Court Opinion

ID: 8917212
Source: CourtListenerOpinion
Date Created: 2022-11-27 05:34:44.038775+00
Date Added: 2024-06-11T17:09:06.196203
License: Public Domain

HENLEY, Senior Circuit Judge, with whom BRIGHT and JOHN R. GIBSON, Circuit Judges,
join, concurring and dissenting.
With so much of the court’s opinion as adopts Parts I, III and IV of the panel opinion, United States v. Singer, 687 F.2d 1135 (8th Cir.1982), I agree. But I cannot agree that intervention in the trial by the trial judge was so egregious as to justify reversal of the judgments of conviction. In general, Part II of the panel opinion, 687 F.2d at 1140, sets forth my views on the judicial intervention aspect of the case and I shall elaborate but briefly.
Appellants mount a somewhat dichotomous attack on intervention by the trial judge.
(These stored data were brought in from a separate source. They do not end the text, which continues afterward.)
lemma perp_two_points_unique:
  assumes p: "pure c p" "p \<noteq> 0" and q: "pure c q" and indep: "\<forall>t\<in>scal c. q \<noteq> smul p t"
    and pq: "p \<in> Aset c" "q \<in> Aset c"
    and x: "x \<in> Aset c" "pure c x" "x \<noteq> 0" "form c x p = 0" "form c x q = 0"
    and x': "x' \<in> Aset c" "pure c x'" "form c x' p = 0" "form c x' q = 0"
  shows "\<exists>s\<in>scal c. x' = smul x s"
proof -
  obtain a b m where F: "frame c a b" and a: "a = smul p (complex_of_real (1 / norm p))"
    and b: "b = smul (q - smul a (form c a q)) (complex_of_real (1 / m))"
    using gram_schmidt_frame[OF p q indep] by blast
  have A: "a \<in> Aset c" "b \<in> Aset c" using pq by (simp_all add: a b Aset_smul Aset_diff)
  have rep: "w = smul (omul a b) (form c (omul a b) w)"
    if "w \<in> Aset c" "pure c w" "form c w p = 0" "form c w q = 0" for w
  proof (rule perp_frame_eq_smul[OF F A that(1,2)])
    show wa: "form c w a = 0"
      using that(3) by (simp only: a form_smul_right[OF scal_of_real] mult_zero_left)
    show "form c w b = 0"
      using that(4) wa
      by (simp only: b form_smul_right[OF scal_of_real] form_smul_right[OF form_scal]
          form_diff_right mult_zero_left diff_zero)
  qed
  define \<alpha> \<beta> where "\<alpha> = form c (omul a b) x" and "\<beta> = form c (omul a b) x'"
  have xr: "x = smul (omul a b) \<alpha>" and x'r: "x' = smul (omul a b) \<beta>"
    unfolding \<alpha>_def \<beta>_def using rep x x' by blast+
  have "\<alpha> \<noteq> 0" using xr x(3) by auto
  then have cancel: "\<alpha> * (inverse \<alpha> * \<beta>) = \<beta>" by (simp add: field_simps)
  have "x' = smul x (inverse \<alpha> * \<beta>)" by (simp only: xr x'r smul_assoc cancel)
  moreover have "inverse \<alpha> * \<beta> \<in> scal c" by (simp add: \<alpha>_def \<beta>_def scal_mult scal_inverse form_scal)
  ultimately show ?thesis by blast
qed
They argue that he projected himself to the jury as an advocate of the government’s case and also that he was so critical of government trial counsel as to evoke sympathy for the trial attorney. The court has found facts in support of appellants’ contentions and has accepted the proposed inferences to be drawn from those facts as “obvious”. Yet the court’s reasoning may well be flawed in that it assumes that reaction to mistreatment of the attorney will create sympathy for the attorney’s client rather than resentment and reaction against the trial judge and his alleged favorite, the government.
It is to be observed also that the court, unintentionally perhaps, leaves the impression that in coming to judgment it is influenced by the fact that fifteen motions for mistrial, including one on the second day of trial, were made. See note 2, page 434, majority opinion. In a complex multi-de-fendant trial where each of six defendants is represented by separate counsel, it is of small consequence that fifteen motions were made in ten days. In making the first motion counsel for Singer felt that although the court’s intentions may have been good in instructing, as it did, that absent witnesses could be assumed to be favorable to the defendants, the court’s admonition was overstated as it applied to Singer, who is said to have been relying especially upon two missing witnesses1 as a basis for claiming he was innocently involved in the alleged criminal activity. That motion bears no relationship to the charge that the trial judge unduly was critical of the prosecutor and little, if any, to the charge that the trial judge unduly projected himself into the trial. Indeed, later in the trial the judge again, and without objection, told the jurors they could assume certain persons not present in the court would testify for the defendants. (Tr. 426.)
More fundamentally, I disagree with the court’s interpretation of the record. It is true that the trial judge intervened actively in the trial of the case. But his actions were not overly partisan and his overall conduct was not oppressive or abusive. Indeed, the atmosphere of the trial seems to have been comparatively relaxed. For example, to enliven a dull morning the judge concluded that a picture speaks “but not very loud.” (Tr. 735.) At the end of the trial, in sending the jury out laughing the judge admonished the jurors about the need for unanimity and closed by saying: “Somebody’s got to decide this case. You know, if you come up and you can’t decide anything, then somebody else will just be doing it ... and ‘Old Judge Lord’ will be sitting up here *439giving the same instructions. So you go ahead now and do your duty.”
It is, of course, impractical here to repeat at length from the transcript or to reproduce completely the atmosphere of the trial. But neither those record materials cited by the court nor anything disclosed by a full reading of the transcript persuades me that the conduct of the trial fell below the Plimsoll line of fairness or polluted the waters of justice. Cf. Mesarosh v. United States, 352 U.S. 1, 14, 77 S.Ct. 1, 8, 1 L.Ed.2d 1 (1956).
Finally, I sound a warning that as a means of reversal the court may be expanding unwisely its use of supervisory power over the administration of justice.
Concededly judges well may differ, as we do, on interpretation of the record. Yet no one on the court has found a single reversible error and no meritorious objection to the conduct of the trial was voiced until near the end of the government’s case.
Here, one suspects that the reversals come because of strong disapproval of the conduct of the trial judge and without proper weight to the relevant interests involved. Cf. United States v. Hasting, ___ U.S. ___, 103 S.Ct. 1974, 76 L.Ed.2d 96 (1983), in which the Supreme Court most recently had occasion to condemn reversal of convictions under the supervisory power in disregard of the rule of harmless error. While undoubtedly most, perhaps all, of the judges of this court would not approve of the manner in which the trial judge conducted this trial, or at least would have conducted it differently, and while they would send a message loud and clear cautioning against excessive intervention in trials, it is neither necessary nor wise to overturn these convictions under our supervisory power over the administration of justice in the district courts. I would affirm.

. We are not informed on the record here as to whether those witnesses, who perhaps were criminals, have by now been apprehended or convicted.